Entries supplied:
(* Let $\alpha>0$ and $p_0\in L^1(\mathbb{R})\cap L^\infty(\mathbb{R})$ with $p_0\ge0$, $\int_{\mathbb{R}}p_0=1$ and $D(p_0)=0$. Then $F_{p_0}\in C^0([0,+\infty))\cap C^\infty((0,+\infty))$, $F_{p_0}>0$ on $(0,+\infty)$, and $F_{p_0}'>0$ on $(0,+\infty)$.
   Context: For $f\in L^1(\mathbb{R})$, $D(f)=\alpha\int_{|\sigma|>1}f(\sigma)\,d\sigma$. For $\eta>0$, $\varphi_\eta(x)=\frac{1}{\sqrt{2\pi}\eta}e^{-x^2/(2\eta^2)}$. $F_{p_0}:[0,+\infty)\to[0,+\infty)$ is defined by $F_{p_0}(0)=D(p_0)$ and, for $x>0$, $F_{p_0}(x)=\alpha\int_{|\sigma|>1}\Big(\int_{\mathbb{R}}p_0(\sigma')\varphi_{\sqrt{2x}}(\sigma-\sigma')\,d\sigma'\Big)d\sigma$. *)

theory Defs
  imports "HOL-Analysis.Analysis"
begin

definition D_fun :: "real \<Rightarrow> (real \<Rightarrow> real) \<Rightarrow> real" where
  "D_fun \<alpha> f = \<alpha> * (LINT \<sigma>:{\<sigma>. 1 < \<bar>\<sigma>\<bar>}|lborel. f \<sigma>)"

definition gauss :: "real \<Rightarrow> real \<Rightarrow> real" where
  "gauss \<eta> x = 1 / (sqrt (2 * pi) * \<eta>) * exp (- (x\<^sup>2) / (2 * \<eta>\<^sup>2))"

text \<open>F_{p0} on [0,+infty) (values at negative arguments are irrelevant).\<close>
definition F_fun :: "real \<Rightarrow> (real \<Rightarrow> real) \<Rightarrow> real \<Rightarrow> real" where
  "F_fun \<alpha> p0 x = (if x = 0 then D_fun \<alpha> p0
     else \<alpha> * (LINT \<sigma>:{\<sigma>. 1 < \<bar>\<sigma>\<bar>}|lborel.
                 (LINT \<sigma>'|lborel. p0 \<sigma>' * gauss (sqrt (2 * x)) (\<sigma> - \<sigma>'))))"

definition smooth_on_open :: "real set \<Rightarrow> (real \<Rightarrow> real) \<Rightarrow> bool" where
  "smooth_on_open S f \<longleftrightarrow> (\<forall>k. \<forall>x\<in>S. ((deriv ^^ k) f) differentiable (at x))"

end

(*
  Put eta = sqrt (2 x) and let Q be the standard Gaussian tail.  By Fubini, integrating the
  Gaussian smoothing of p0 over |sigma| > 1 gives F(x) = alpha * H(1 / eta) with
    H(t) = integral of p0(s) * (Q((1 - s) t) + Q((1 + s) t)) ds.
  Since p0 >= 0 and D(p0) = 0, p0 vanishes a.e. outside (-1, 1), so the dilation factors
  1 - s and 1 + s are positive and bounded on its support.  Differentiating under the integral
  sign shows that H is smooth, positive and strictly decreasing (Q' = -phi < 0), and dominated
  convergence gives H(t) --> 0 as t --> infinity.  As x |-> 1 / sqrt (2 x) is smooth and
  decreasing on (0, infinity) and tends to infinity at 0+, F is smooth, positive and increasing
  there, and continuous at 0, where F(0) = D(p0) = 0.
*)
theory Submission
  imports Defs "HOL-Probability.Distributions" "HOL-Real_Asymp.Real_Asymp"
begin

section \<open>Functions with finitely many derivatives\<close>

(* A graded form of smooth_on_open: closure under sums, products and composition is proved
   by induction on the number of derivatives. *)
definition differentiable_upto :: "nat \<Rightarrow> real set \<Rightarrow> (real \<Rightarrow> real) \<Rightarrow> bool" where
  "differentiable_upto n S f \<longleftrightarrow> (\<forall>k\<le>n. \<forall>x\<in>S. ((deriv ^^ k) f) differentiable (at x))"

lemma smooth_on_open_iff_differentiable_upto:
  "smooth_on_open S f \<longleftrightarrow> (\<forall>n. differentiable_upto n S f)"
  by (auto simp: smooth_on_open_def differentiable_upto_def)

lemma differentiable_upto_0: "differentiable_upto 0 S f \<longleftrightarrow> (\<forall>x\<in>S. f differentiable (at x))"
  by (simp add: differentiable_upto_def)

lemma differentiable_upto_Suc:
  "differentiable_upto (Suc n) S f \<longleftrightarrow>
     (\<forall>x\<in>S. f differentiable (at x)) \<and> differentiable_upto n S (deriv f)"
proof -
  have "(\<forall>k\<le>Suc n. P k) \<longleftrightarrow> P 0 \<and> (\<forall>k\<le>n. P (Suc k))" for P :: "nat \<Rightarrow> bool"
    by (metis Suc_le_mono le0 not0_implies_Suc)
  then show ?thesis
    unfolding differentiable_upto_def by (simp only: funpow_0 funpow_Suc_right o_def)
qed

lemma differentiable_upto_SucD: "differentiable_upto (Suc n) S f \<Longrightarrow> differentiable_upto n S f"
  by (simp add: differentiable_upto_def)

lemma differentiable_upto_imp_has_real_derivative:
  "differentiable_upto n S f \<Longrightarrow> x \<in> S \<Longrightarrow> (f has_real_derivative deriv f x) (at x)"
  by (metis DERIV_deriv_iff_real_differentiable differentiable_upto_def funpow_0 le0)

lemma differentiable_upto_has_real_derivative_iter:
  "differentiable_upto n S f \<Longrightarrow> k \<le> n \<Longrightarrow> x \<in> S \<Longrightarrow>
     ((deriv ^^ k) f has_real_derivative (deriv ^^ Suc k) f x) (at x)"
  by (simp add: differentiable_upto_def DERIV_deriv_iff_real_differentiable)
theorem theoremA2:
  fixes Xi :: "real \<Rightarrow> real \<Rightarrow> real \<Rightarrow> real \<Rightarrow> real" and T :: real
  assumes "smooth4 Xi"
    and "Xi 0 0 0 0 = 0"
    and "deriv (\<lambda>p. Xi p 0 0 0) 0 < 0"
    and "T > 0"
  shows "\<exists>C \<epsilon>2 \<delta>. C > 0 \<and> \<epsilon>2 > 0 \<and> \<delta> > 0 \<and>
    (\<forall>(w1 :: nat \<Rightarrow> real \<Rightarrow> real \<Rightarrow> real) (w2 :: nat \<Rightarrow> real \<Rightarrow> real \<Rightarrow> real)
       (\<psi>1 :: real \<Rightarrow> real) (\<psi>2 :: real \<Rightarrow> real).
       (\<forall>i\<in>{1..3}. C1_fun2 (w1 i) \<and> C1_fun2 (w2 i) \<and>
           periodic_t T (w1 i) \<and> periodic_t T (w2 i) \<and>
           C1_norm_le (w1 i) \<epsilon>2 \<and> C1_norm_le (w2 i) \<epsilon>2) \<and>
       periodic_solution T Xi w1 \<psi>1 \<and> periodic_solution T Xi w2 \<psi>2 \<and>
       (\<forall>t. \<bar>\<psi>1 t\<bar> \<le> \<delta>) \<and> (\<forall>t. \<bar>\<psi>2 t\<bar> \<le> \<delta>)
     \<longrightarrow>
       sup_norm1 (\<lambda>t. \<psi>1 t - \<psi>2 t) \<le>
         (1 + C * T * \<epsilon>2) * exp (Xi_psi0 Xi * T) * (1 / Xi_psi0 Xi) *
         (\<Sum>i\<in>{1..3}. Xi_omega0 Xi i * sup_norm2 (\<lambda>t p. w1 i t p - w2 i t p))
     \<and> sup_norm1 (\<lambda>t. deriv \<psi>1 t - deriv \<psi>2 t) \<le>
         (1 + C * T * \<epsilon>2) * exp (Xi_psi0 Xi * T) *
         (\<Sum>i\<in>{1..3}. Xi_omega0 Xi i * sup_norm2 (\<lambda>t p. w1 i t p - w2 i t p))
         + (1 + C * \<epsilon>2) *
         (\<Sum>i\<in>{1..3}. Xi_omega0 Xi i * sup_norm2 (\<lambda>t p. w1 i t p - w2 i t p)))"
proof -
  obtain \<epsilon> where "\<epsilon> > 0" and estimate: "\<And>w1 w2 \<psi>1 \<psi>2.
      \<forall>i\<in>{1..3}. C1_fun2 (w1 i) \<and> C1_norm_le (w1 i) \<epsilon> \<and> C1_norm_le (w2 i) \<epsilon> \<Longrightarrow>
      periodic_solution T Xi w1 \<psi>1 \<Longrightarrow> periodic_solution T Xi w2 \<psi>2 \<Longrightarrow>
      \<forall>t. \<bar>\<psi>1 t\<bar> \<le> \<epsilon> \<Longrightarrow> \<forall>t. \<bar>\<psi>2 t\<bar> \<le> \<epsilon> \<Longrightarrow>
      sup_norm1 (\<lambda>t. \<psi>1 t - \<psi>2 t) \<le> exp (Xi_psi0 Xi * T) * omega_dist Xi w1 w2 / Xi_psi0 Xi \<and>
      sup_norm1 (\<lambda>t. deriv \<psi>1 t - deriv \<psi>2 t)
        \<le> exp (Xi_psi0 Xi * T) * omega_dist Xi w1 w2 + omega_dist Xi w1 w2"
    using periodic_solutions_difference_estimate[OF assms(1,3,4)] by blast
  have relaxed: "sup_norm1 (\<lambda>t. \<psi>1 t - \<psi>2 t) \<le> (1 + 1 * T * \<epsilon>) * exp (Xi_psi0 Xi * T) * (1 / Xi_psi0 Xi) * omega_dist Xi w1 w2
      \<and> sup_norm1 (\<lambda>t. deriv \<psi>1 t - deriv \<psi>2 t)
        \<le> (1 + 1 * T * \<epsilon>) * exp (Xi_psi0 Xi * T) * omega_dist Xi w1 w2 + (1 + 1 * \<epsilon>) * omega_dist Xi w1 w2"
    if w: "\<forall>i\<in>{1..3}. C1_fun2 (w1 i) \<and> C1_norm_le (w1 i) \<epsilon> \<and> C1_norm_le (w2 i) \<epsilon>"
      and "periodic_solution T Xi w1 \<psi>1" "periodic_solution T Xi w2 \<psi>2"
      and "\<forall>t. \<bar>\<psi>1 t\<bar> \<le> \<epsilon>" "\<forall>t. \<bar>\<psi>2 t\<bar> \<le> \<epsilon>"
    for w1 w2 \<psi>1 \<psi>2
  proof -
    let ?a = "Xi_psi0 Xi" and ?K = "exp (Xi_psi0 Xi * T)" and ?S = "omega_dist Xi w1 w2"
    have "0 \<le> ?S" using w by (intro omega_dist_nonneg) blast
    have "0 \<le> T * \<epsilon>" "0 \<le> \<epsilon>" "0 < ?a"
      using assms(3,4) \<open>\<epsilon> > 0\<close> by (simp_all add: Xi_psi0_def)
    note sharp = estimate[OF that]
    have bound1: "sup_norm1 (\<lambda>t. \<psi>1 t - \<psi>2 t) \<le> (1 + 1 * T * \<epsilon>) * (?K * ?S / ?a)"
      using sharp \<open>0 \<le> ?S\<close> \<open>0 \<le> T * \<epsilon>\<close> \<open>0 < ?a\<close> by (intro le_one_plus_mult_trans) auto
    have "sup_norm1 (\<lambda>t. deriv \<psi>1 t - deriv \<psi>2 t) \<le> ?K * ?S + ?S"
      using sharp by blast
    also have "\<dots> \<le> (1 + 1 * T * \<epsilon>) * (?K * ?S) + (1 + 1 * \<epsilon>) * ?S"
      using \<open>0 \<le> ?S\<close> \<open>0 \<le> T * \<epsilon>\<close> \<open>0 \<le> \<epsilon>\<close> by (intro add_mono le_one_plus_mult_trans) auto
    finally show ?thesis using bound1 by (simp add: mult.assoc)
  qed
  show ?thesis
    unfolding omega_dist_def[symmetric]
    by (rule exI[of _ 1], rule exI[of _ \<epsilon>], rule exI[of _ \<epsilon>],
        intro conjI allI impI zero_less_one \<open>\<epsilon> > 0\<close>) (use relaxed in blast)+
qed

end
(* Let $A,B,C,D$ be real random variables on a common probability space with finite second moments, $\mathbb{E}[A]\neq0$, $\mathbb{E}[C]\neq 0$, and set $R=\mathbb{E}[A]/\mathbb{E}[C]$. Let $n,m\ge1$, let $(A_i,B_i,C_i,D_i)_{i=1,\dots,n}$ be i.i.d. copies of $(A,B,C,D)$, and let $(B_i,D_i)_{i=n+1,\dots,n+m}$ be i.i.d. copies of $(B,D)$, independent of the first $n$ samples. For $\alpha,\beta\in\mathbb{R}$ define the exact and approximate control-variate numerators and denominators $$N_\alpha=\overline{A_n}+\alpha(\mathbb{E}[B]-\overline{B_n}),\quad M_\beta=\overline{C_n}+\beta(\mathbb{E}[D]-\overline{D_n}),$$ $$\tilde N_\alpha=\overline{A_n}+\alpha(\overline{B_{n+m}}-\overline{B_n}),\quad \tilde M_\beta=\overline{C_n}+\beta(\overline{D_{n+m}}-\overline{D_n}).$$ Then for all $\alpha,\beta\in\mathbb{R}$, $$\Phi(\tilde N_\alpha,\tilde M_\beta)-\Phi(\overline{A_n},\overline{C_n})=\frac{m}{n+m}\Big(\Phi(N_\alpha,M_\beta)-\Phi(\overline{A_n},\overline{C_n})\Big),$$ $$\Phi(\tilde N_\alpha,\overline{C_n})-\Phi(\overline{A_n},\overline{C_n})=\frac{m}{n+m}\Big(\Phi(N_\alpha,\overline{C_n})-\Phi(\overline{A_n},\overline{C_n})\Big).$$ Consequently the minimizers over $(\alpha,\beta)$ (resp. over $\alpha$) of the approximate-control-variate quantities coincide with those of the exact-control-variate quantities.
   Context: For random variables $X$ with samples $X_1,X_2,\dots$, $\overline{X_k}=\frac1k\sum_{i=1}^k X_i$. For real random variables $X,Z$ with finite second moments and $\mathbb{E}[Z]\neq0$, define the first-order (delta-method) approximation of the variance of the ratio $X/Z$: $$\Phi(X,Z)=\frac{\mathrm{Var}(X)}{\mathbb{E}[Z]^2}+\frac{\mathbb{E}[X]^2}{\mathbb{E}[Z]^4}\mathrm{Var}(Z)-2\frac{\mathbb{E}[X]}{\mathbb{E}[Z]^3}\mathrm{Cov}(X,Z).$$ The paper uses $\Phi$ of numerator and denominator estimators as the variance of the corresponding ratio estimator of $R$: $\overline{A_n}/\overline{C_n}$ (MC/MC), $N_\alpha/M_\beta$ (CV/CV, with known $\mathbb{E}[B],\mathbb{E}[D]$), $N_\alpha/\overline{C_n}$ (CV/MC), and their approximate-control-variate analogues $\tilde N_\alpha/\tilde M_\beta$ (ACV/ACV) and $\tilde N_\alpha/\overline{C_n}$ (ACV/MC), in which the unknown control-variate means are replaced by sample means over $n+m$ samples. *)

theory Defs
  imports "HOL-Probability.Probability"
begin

Work instruction:
Whenever the string "using" turns up in a line of the data, copy that line.

Answer to this problem:
    using periodic_solutions_difference_estimate[OF assms(1,3,4)] by blast
    have "0 \<le> ?S" using w by (intro omega_dist_nonneg) blast
      using assms(3,4) \<open>\<epsilon> > 0\<close> by (simp_all add: Xi_psi0_def)
      using sharp \<open>0 \<le> ?S\<close> \<open>0 \<le> T * \<epsilon>\<close> \<open>0 < ?a\<close> by (intro le_one_plus_mult_trans) auto
      using sharp by blast
      using \<open>0 \<le> ?S\<close> \<open>0 \<le> T * \<epsilon>\<close> \<open>0 \<le> \<epsilon>\<close> by (intro add_mono le_one_plus_mult_trans) auto
    finally show ?thesis using bound1 by (simp add: mult.assoc)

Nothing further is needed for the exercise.